*Supplied material*:
####

lemma contract_left_reordered_sum:
  fixes ds dt :: "'i \<times> 'j \<Rightarrow> complex" and Y :: "'i \<times> 'i \<Rightarrow> complex"
  assumes ds: "ds \<in> l2" and dt: "dt \<in> l2" and us: "us \<in> l2" and ut: "ut \<in> l2" and Y: "Y \<in> l2"
  shows "contract_left Y (reordered_sum ds dt us ut vs vt)
       = (\<lambda>(k1,k2). vt k2 * contract_left (contract_right ut Y) ds k1
                   + vs k1 * contract_left (contract_left us Y) dt k2)"
proof (rule ext, clarify)
  fix k1 k2
  let ?r = "\<lambda>i. ds (i,k1)" and ?r' = "\<lambda>i. dt (i,k2)"
  have r: "?r \<in> l2" "?r' \<in> l2" using l2_column[OF ds] l2_column[OF dt] by auto
  have t: "tensor_vec ?r ut \<in> l2" "tensor_vec us ?r' \<in> l2" using l2_tensor_vec r ut us by blast+
  have column: "(\<lambda>i. reordered_sum ds dt us ut vs vt (i,(k1,k2)))
      = (\<lambda>i. vt k2 * tensor_vec ?r ut i + vs k1 * tensor_vec us ?r' i)"
    by (auto simp: reordered_sum_def tensor_vec_def algebra_simps)
  have inner_r: "inner_l2 Y (tensor_vec ?r ut) = contract_left (contract_right ut Y) ds k1"
    using inner_l2_contract_right[OF r(1) ut Y] inner_l2_commute[of Y] inner_l2_commute[of "contract_right ut Y"]
    by (simp add: contract_left_def)
  have inner_r': "inner_l2 Y (tensor_vec us ?r') = contract_left (contract_left us Y) dt k2"
    using inner_l2_contract_left[OF us r(2) Y] inner_l2_commute[of Y] inner_l2_commute[of "contract_left us Y"]
    by (simp add: contract_left_def)
  show "contract_left Y (reordered_sum ds dt us ut vs vt) (k1,k2)
      = vt k2 * contract_left (contract_right ut Y) ds k1 + vs k1 * contract_left (contract_left us Y) dt k2"
    unfolding contract_left_def[of Y] column inner_l2_add_right[OF Y l2_scale[OF t(1)] l2_scale[OF t(2)]]
      inner_l2_scale_right inner_r inner_r' ..
qed

section \<open>Two spatial product systems\<close>

lemma roots_additive_unit: "a \<in> roots E W u \<Longrightarrow> additive_unit E W u a"
  unfolding roots_def by blast

lemma roots_orthogonal: "a \<in> roots E W u \<Longrightarrow> t > 0 \<Longrightarrow> inner_l2 (a t) (u t) = 0"
  unfolding roots_def by blast

lemma additive_unit_mem: "additive_unit E W u a \<Longrightarrow> t > 0 \<Longrightarrow> a t \<in> E t"
  unfolding additive_unit_def by blast

lemma additive_unit_meas: "additive_unit E W u a \<Longrightarrow> meas_section a"
  unfolding additive_unit_def by blast

locale spatial_pair =
  fixes E :: "real \<Rightarrow> ('i::countable \<Rightarrow> complex) set"
    and WE :: "real \<Rightarrow> real \<Rightarrow> ('i \<Rightarrow> complex) \<Rightarrow> ('i \<times> 'i \<Rightarrow> complex)"
    and F :: "real \<Rightarrow> ('j::countable \<Rightarrow> complex) set"
    and WF :: "real \<Rightarrow> real \<Rightarrow> ('j \<Rightarrow> complex) \<Rightarrow> ('j \<times> 'j \<Rightarrow> complex)"
    and u :: "real \<Rightarrow> ('i \<Rightarrow> complex)"
    and v :: "real \<Rightarrow> ('j \<Rightarrow> complex)"
  assumes PE: "product_system E WE" and PF: "product_system F WF"
    and NU: "normalized_unit E WE u" and NV: "normalized_unit F WF v"
begin

lemma closed_E: "t > 0 \<Longrightarrow> closed_subspace (E t)"
  using PE unfolding product_system_def by blast

lemma closed_F: "t > 0 \<Longrightarrow> closed_subspace (F t)"
  using PF unfolding product_system_def by blast

lemma closed_htensor_E: "s > 0 \<Longrightarrow> t > 0 \<Longrightarrow> closed_subspace (htensor (E s) (E t))"
  by (intro closed_subspace_htensor closed_subspace_subset_l2 closed_E)

lemma closed_htensor_F: "s > 0 \<Longrightarrow> t > 0 \<Longrightarrow> closed_subspace (htensor (F s) (F t))"
  by (intro closed_subspace_htensor closed_subspace_subset_l2 closed_F)

lemma closed_htensor: "t > 0 \<Longrightarrow> closed_subspace (htensor (E t) (F t))"
  by (intro closed_subspace_htensor closed_subspace_subset_l2 closed_E closed_F)

lemma unitary_pair_WE_WF:
  assumes "s > 0" "t > 0"
  shows "unitary_pair (E (s+t)) (F (s+t)) (htensor (E s) (E t)) (htensor (F s) (F t)) (WE s t) (WF s t)"
proof
  show "closed_subspace (E (s+t))" "closed_subspace (F (s+t))" using closed_E closed_F assms by simp_all
  show "closed_subspace (htensor (E s) (E t))" "closed_subspace (htensor (F s) (F t))"
    using closed_htensor_E closed_htensor_F assms by simp_all
  show "unitary_between (E (s+t)) (htensor (E s) (E t)) (WE s t)"
    "unitary_between (F (s+t)) (htensor (F s) (F t)) (WF s t)"
    using PE PF assms unfolding product_system_def by simp_all
qed

lemma tensor_W_eq_shuffle_tensor_op:
  "tensor_W WE WF s t f = shuffle (tensor_op (WE s t) (WF s t) f)"
  by (simp add: tensor_W_def tensor_op_def)

lemma u_mem: "t > 0 \<Longrightarrow> u t \<in> E t"
  using NU unfolding normalized_unit_def is_unit_def by blast

lemma v_mem: "t > 0 \<Longrightarrow> v t \<in> F t"
  using NV unfolding normalized_unit_def is_unit_def by blast

lemma u_meas: "meas_section u"
  using NU unfolding normalized_unit_def is_unit_def by blast

lemma v_meas: "meas_section v"
  using NV unfolding normalized_unit_def is_unit_def by blast

lemma u_mult: "s > 0 \<Longrightarrow> t > 0 \<Longrightarrow> WE s t (u (s+t)) = tensor_vec (u s) (u t)"
  using NU unfolding normalized_unit_def is_unit_def by blast

lemma v_mult: "s > 0 \<Longrightarrow> t > 0 \<Longrightarrow> WF s t (v (s+t)) = tensor_vec (v s) (v t)"
  using NV unfolding normalized_unit_def is_unit_def by blast

lemma sq_norm_u: "t > 0 \<Longrightarrow> sq_norm_l2 (u t) = 1"
  using NU unfolding normalized_unit_def by (simp add: norm_l2_eq_sqrt)

lemma sq_norm_v: "t > 0 \<Longrightarrow> sq_norm_l2 (v t) = 1"
  using NV unfolding normalized_unit_def by (simp add: norm_l2_eq_sqrt)

lemma u_l2: "t > 0 \<Longrightarrow> u t \<in> l2"
  using u_mem closed_subspace_mem_l2[OF closed_E] by blast

lemma v_l2: "t > 0 \<Longrightarrow> v t \<in> l2"
  using v_mem closed_subspace_mem_l2[OF closed_F] by blast

lemma inner_u_u: "t > 0 \<Longrightarrow> inner_l2 (u t) (u t) = 1"
  using inner_l2_self[OF u_l2] sq_norm_u by simp

lemma inner_v_v: "t > 0 \<Longrightarrow> inner_l2 (v t) (v t) = 1"
  using inner_l2_self[OF v_l2] sq_norm_v by simp

definition additive_section :: "(real \<Rightarrow> ('i \<times> 'j \<Rightarrow> complex)) \<Rightarrow> bool" where
  "additive_section c \<longleftrightarrow> (\<forall>t>0. c t \<in> htensor (E t) (F t))
     \<and> (\<forall>s>0. \<forall>t>0. tensor_W WE WF s t (c (s + t))
          = (\<lambda>p. tensor_vec (c s) (tensor_vec (u t) (v t)) p + tensor_vec (tensor_vec (u s) (v s)) (c t) p))"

####

*Brief*:
From first line to last, transcribe the material exactly.

*Final answer*:
lemma contract_left_reordered_sum:
  fixes ds dt :: "'i \<times> 'j \<Rightarrow> complex" and Y :: "'i \<times> 'i \<Rightarrow> complex"
  assumes ds: "ds \<in> l2" and dt: "dt \<in> l2" and us: "us \<in> l2" and ut: "ut \<in> l2" and Y: "Y \<in> l2"
  shows "contract_left Y (reordered_sum ds dt us ut vs vt)
       = (\<lambda>(k1,k2). vt k2 * contract_left (contract_right ut Y) ds k1
                   + vs k1 * contract_left (contract_left us Y) dt k2)"
proof (rule ext, clarify)
  fix k1 k2
  let ?r = "\<lambda>i. ds (i,k1)" and ?r' = "\<lambda>i. dt (i,k2)"
  have r: "?r \<in> l2" "?r' \<in> l2" using l2_column[OF ds] l2_column[OF dt] by auto
  have t: "tensor_vec ?r ut \<in> l2" "tensor_vec us ?r' \<in> l2" using l2_tensor_vec r ut us by blast+
  have column: "(\<lambda>i. reordered_sum ds dt us ut vs vt (i,(k1,k2)))
      = (\<lambda>i. vt k2 * tensor_vec ?r ut i + vs k1 * tensor_vec us ?r' i)"
    by (auto simp: reordered_sum_def tensor_vec_def algebra_simps)
  have inner_r: "inner_l2 Y (tensor_vec ?r ut) = contract_left (contract_right ut Y) ds k1"
    using inner_l2_contract_right[OF r(1) ut Y] inner_l2_commute[of Y] inner_l2_commute[of "contract_right ut Y"]
    by (simp add: contract_left_def)
  have inner_r': "inner_l2 Y (tensor_vec us ?r') = contract_left (contract_left us Y) dt k2"
    using inner_l2_contract_left[OF us r(2) Y] inner_l2_commute[of Y] inner_l2_commute[of "contract_left us Y"]
    by (simp add: contract_left_def)
  show "contract_left Y (reordered_sum ds dt us ut vs vt) (k1,k2)
      = vt k2 * contract_left (contract_right ut Y) ds k1 + vs k1 * contract_left (contract_left us Y) dt k2"
    unfolding contract_left_def[of Y] column inner_l2_add_right[OF Y l2_scale[OF t(1)] l2_scale[OF t(2)]]
      inner_l2_scale_right inner_r inner_r' ..
qed

section \<open>Two spatial product systems\<close>

lemma roots_additive_unit: "a \<in> roots E W u \<Longrightarrow> additive_unit E W u a"
  unfolding roots_def by blast

lemma roots_orthogonal: "a \<in> roots E W u \<Longrightarrow> t > 0 \<Longrightarrow> inner_l2 (a t) (u t) = 0"
  unfolding roots_def by blast

lemma additive_unit_mem: "additive_unit E W u a \<Longrightarrow> t > 0 \<Longrightarrow> a t \<in> E t"
  unfolding additive_unit_def by blast

lemma additive_unit_meas: "additive_unit E W u a \<Longrightarrow> meas_section a"
  unfolding additive_unit_def by blast

locale spatial_pair =
  fixes E :: "real \<Rightarrow> ('i::countable \<Rightarrow> complex) set"
    and WE :: "real \<Rightarrow> real \<Rightarrow> ('i \<Rightarrow> complex) \<Rightarrow> ('i \<times> 'i \<Rightarrow> complex)"
    and F :: "real \<Rightarrow> ('j::countable \<Rightarrow> complex) set"
    and WF :: "real \<Rightarrow> real \<Rightarrow> ('j \<Rightarrow> complex) \<Rightarrow> ('j \<times> 'j \<Rightarrow> complex)"
    and u :: "real \<Rightarrow> ('i \<Rightarrow> complex)"
    and v :: "real \<Rightarrow> ('j \<Rightarrow> complex)"
  assumes PE: "product_system E WE" and PF: "product_system F WF"
    and NU: "normalized_unit E WE u" and NV: "normalized_unit F WF v"
begin

lemma closed_E: "t > 0 \<Longrightarrow> closed_subspace (E t)"
  using PE unfolding product_system_def by blast

lemma closed_F: "t > 0 \<Longrightarrow> closed_subspace (F t)"
  using PF unfolding product_system_def by blast

lemma closed_htensor_E: "s > 0 \<Longrightarrow> t > 0 \<Longrightarrow> closed_subspace (htensor (E s) (E t))"
  by (intro closed_subspace_htensor closed_subspace_subset_l2 closed_E)

lemma closed_htensor_F: "s > 0 \<Longrightarrow> t > 0 \<Longrightarrow> closed_subspace (htensor (F s) (F t))"
  by (intro closed_subspace_htensor closed_subspace_subset_l2 closed_F)

lemma closed_htensor: "t > 0 \<Longrightarrow> closed_subspace (htensor (E t) (F t))"
  by (intro closed_subspace_htensor closed_subspace_subset_l2 closed_E closed_F)

lemma unitary_pair_WE_WF:
  assumes "s > 0" "t > 0"
  shows "unitary_pair (E (s+t)) (F (s+t)) (htensor (E s) (E t)) (htensor (F s) (F t)) (WE s t) (WF s t)"
proof
  show "closed_subspace (E (s+t))" "closed_subspace (F (s+t))" using closed_E closed_F assms by simp_all
  show "closed_subspace (htensor (E s) (E t))" "closed_subspace (htensor (F s) (F t))"
    using closed_htensor_E closed_htensor_F assms by simp_all
  show "unitary_between (E (s+t)) (htensor (E s) (E t)) (WE s t)"
    "unitary_between (F (s+t)) (htensor (F s) (F t)) (WF s t)"
    using PE PF assms unfolding product_system_def by simp_all
qed

lemma tensor_W_eq_shuffle_tensor_op:
  "tensor_W WE WF s t f = shuffle (tensor_op (WE s t) (WF s t) f)"
  by (simp add: tensor_W_def tensor_op_def)

lemma u_mem: "t > 0 \<Longrightarrow> u t \<in> E t"
  using NU unfolding normalized_unit_def is_unit_def by blast

lemma v_mem: "t > 0 \<Longrightarrow> v t \<in> F t"
  using NV unfolding normalized_unit_def is_unit_def by blast

lemma u_meas: "meas_section u"
  using NU unfolding normalized_unit_def is_unit_def by blast

lemma v_meas: "meas_section v"
  using NV unfolding normalized_unit_def is_unit_def by blast

lemma u_mult: "s > 0 \<Longrightarrow> t > 0 \<Longrightarrow> WE s t (u (s+t)) = tensor_vec (u s) (u t)"
  using NU unfolding normalized_unit_def is_unit_def by blast

lemma v_mult: "s > 0 \<Longrightarrow> t > 0 \<Longrightarrow> WF s t (v (s+t)) = tensor_vec (v s) (v t)"
  using NV unfolding normalized_unit_def is_unit_def by blast

lemma sq_norm_u: "t > 0 \<Longrightarrow> sq_norm_l2 (u t) = 1"
  using NU unfolding normalized_unit_def by (simp add: norm_l2_eq_sqrt)

lemma sq_norm_v: "t > 0 \<Longrightarrow> sq_norm_l2 (v t) = 1"
  using NV unfolding normalized_unit_def by (simp add: norm_l2_eq_sqrt)

lemma u_l2: "t > 0 \<Longrightarrow> u t \<in> l2"
  using u_mem closed_subspace_mem_l2[OF closed_E] by blast

lemma v_l2: "t > 0 \<Longrightarrow> v t \<in> l2"
  using v_mem closed_subspace_mem_l2[OF closed_F] by blast

lemma inner_u_u: "t > 0 \<Longrightarrow> inner_l2 (u t) (u t) = 1"
  using inner_l2_self[OF u_l2] sq_norm_u by simp

lemma inner_v_v: "t > 0 \<Longrightarrow> inner_l2 (v t) (v t) = 1"
  using inner_l2_self[OF v_l2] sq_norm_v by simp

definition additive_section :: "(real \<Rightarrow> ('i \<times> 'j \<Rightarrow> complex)) \<Rightarrow> bool" where
  "additive_section c \<longleftrightarrow> (\<forall>t>0. c t \<in> htensor (E t) (F t))
     \<and> (\<forall>s>0. \<forall>t>0. tensor_W WE WF s t (c (s + t))
          = (\<lambda>p. tensor_vec (c s) (tensor_vec (u t) (v t)) p + tensor_vec (tensor_vec (u s) (v s)) (c t) p))"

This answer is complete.